Please count the lines of the listing below in which "finally" occurs, and reply with the number only.

------------------------

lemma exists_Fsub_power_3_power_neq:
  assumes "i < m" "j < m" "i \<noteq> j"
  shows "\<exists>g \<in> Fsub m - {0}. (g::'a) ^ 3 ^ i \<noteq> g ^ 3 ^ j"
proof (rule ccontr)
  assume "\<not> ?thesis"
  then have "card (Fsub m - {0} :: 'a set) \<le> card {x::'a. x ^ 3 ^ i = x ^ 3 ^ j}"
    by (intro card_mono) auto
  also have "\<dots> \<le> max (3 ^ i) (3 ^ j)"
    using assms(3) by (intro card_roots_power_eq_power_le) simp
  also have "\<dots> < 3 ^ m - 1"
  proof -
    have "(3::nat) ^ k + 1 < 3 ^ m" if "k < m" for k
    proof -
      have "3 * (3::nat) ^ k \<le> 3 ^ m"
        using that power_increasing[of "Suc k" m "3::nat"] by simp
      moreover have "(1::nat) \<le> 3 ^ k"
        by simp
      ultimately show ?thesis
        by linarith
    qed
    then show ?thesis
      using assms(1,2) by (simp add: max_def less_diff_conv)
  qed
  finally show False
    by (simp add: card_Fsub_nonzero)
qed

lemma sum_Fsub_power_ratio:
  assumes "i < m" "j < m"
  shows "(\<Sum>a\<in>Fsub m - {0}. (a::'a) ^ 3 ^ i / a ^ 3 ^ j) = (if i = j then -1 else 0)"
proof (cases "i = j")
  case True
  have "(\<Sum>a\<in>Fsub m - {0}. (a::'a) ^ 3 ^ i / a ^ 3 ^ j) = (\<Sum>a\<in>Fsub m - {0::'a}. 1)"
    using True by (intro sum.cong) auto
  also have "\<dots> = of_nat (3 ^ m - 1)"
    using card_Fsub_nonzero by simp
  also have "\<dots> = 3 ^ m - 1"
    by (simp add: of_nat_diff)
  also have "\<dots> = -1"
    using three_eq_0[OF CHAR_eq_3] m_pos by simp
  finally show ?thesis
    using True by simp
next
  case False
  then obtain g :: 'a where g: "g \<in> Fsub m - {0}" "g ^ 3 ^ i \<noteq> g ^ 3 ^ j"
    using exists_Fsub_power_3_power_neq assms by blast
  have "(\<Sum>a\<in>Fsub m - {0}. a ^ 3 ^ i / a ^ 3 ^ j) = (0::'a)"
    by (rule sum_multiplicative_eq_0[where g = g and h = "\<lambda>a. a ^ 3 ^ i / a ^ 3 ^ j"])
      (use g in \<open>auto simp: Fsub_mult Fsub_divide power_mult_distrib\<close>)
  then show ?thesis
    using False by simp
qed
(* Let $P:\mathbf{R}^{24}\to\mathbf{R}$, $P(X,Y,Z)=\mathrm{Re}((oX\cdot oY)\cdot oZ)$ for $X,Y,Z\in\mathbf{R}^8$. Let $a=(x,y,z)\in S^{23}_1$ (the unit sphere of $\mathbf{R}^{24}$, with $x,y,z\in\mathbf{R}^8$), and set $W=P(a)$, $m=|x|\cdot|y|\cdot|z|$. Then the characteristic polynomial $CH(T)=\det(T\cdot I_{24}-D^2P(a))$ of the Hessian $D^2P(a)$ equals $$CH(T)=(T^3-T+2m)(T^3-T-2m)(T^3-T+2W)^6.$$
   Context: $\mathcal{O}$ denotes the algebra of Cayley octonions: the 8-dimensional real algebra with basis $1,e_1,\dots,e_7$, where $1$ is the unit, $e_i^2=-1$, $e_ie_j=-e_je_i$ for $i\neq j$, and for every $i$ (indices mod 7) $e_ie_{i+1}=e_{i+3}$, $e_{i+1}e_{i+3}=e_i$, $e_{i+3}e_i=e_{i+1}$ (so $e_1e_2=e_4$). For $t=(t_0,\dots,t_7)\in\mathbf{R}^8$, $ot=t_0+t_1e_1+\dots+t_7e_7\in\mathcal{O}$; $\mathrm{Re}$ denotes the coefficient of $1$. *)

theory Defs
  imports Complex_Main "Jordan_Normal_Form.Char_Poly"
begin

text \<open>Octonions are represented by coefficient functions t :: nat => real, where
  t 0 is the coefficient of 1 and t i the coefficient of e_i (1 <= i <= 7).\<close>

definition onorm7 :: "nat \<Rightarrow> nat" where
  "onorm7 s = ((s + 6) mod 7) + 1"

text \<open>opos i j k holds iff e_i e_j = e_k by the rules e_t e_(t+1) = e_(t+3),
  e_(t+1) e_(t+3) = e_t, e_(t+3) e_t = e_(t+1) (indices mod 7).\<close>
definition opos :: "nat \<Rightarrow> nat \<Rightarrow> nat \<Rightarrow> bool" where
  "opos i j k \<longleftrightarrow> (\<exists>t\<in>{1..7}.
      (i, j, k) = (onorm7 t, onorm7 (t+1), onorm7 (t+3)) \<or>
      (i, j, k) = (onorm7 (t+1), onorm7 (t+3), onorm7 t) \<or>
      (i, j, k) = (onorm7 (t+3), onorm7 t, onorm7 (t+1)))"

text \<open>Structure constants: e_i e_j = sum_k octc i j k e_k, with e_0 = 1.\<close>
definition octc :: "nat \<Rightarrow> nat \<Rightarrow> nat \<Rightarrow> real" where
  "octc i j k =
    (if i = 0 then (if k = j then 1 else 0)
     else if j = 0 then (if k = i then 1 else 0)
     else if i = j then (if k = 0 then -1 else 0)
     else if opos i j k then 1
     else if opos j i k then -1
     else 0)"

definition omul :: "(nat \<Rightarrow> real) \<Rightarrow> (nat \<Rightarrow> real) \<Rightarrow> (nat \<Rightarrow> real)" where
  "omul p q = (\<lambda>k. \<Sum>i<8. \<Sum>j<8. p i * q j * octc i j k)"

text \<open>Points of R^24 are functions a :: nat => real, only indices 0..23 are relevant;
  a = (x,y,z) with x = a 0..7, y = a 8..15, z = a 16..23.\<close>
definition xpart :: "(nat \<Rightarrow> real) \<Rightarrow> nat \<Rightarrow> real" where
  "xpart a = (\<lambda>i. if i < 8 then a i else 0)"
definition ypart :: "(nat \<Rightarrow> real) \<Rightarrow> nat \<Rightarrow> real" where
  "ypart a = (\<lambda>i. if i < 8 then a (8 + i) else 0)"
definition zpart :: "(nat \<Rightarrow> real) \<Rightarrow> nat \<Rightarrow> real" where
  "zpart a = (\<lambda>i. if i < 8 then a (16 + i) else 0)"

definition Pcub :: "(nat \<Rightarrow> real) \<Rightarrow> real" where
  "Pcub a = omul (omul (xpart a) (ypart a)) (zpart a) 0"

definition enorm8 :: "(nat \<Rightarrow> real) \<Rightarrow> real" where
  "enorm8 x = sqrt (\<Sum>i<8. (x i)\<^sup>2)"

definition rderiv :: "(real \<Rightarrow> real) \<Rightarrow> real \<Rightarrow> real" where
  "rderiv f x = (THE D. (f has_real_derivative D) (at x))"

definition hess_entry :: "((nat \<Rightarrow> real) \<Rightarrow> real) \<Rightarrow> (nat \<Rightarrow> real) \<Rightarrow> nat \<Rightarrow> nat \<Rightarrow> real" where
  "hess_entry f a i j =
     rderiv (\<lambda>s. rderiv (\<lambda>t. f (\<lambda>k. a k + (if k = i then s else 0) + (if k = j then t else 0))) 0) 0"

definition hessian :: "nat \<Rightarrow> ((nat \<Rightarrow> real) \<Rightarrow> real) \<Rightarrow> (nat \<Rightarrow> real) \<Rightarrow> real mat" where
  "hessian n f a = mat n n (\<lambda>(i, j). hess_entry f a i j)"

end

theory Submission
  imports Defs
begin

------------------------

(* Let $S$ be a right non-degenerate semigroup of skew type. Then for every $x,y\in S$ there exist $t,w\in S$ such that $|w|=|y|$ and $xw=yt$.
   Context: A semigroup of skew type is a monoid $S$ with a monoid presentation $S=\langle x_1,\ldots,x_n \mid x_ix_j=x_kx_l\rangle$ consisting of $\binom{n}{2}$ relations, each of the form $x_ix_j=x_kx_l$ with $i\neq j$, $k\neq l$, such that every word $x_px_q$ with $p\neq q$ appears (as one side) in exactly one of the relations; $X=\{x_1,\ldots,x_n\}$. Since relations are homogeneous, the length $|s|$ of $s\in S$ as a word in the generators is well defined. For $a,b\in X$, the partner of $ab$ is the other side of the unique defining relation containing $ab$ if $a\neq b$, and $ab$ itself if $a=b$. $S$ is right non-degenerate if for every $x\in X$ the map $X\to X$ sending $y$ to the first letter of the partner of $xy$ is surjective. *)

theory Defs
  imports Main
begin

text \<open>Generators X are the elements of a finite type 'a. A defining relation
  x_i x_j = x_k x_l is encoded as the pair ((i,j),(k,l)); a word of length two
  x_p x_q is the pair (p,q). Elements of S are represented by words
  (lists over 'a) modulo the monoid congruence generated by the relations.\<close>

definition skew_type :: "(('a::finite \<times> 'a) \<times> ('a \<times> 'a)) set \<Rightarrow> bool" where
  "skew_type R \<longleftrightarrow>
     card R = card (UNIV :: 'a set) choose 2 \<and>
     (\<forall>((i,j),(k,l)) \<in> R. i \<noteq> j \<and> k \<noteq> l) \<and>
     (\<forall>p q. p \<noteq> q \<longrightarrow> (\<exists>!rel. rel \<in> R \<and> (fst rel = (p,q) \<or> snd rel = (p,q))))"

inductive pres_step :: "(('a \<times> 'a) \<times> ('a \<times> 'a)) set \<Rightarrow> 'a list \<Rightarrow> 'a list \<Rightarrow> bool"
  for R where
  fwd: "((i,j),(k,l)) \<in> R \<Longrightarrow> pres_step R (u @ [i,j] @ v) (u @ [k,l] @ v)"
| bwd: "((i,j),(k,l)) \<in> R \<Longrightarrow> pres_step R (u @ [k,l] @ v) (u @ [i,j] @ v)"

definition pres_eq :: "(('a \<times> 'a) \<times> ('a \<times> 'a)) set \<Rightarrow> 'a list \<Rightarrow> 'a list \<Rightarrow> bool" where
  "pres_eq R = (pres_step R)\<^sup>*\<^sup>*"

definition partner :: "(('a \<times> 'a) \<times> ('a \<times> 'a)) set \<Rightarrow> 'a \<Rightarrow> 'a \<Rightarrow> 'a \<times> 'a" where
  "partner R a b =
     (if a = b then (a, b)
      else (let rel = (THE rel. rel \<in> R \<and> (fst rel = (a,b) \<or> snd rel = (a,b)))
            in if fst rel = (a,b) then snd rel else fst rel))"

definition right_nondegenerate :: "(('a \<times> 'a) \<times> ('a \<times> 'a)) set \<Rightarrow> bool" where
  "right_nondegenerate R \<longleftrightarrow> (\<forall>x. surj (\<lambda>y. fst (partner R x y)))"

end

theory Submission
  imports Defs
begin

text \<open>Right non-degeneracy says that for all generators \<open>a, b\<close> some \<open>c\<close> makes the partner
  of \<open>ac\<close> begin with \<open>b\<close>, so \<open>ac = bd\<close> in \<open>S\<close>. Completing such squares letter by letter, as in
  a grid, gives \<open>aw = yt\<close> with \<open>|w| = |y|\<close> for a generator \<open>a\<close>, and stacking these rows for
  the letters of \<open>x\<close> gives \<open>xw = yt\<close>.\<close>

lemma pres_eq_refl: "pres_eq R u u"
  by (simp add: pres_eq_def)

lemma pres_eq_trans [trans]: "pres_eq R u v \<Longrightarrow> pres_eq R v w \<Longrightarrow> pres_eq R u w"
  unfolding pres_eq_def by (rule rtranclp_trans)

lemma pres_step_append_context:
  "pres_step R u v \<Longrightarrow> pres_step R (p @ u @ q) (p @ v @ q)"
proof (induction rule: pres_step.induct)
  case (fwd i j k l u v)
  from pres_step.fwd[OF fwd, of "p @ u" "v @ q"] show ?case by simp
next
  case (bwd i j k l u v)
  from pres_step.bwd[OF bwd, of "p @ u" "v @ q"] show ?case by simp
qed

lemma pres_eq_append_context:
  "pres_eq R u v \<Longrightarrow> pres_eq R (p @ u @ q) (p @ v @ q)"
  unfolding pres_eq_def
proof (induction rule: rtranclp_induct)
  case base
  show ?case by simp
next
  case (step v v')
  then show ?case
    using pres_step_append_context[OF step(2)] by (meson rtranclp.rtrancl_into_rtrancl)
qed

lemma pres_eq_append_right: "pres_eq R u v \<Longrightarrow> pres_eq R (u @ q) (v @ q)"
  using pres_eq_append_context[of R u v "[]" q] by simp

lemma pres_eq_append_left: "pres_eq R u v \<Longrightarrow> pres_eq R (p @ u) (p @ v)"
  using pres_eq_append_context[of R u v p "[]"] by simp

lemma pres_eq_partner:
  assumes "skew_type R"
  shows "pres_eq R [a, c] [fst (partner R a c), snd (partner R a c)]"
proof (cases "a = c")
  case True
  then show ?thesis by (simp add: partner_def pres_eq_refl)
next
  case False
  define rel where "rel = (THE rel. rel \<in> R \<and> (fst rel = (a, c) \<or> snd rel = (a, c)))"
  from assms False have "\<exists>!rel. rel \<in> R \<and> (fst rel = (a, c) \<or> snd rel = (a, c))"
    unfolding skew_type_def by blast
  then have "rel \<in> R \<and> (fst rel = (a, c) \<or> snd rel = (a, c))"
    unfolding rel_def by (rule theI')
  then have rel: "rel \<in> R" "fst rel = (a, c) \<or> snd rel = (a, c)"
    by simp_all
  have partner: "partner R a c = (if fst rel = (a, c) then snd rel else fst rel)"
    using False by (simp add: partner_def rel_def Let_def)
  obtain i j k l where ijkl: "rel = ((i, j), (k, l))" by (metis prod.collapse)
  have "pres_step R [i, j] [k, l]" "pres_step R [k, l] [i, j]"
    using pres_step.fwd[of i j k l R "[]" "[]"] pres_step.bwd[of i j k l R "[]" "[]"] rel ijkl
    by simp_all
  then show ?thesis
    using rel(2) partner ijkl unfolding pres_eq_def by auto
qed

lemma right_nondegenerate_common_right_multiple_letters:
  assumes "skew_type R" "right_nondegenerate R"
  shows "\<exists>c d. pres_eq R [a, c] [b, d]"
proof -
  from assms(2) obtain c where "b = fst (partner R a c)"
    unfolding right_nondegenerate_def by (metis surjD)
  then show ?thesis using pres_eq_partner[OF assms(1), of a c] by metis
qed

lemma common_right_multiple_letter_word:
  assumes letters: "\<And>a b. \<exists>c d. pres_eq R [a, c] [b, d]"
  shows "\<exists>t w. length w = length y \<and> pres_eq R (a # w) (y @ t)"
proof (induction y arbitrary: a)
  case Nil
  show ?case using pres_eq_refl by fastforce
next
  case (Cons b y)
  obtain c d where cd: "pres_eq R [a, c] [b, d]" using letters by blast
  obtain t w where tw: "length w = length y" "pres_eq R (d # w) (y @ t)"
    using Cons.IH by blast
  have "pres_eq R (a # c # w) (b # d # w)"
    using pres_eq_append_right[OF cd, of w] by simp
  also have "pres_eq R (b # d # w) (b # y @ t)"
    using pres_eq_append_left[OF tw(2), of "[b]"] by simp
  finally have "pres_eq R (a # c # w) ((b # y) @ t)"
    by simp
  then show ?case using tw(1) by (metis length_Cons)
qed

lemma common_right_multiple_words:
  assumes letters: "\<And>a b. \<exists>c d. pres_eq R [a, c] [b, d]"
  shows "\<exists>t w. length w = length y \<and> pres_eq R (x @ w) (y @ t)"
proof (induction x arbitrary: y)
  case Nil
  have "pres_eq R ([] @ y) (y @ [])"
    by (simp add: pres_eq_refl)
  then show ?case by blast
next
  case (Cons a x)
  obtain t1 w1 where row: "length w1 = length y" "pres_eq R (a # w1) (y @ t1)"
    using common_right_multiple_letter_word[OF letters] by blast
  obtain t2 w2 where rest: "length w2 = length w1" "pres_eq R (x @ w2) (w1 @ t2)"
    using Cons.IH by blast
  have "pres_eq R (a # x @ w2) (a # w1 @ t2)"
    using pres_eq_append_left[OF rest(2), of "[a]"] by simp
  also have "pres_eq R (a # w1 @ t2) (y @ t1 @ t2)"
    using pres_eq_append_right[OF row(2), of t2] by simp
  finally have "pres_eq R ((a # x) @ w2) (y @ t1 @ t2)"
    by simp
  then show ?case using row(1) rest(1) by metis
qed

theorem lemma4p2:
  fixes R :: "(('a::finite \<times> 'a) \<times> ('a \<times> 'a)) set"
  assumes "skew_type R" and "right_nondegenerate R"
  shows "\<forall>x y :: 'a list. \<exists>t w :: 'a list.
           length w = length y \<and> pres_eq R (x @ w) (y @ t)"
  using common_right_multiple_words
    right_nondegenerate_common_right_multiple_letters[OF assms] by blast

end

------------------------

### Solution for this task
4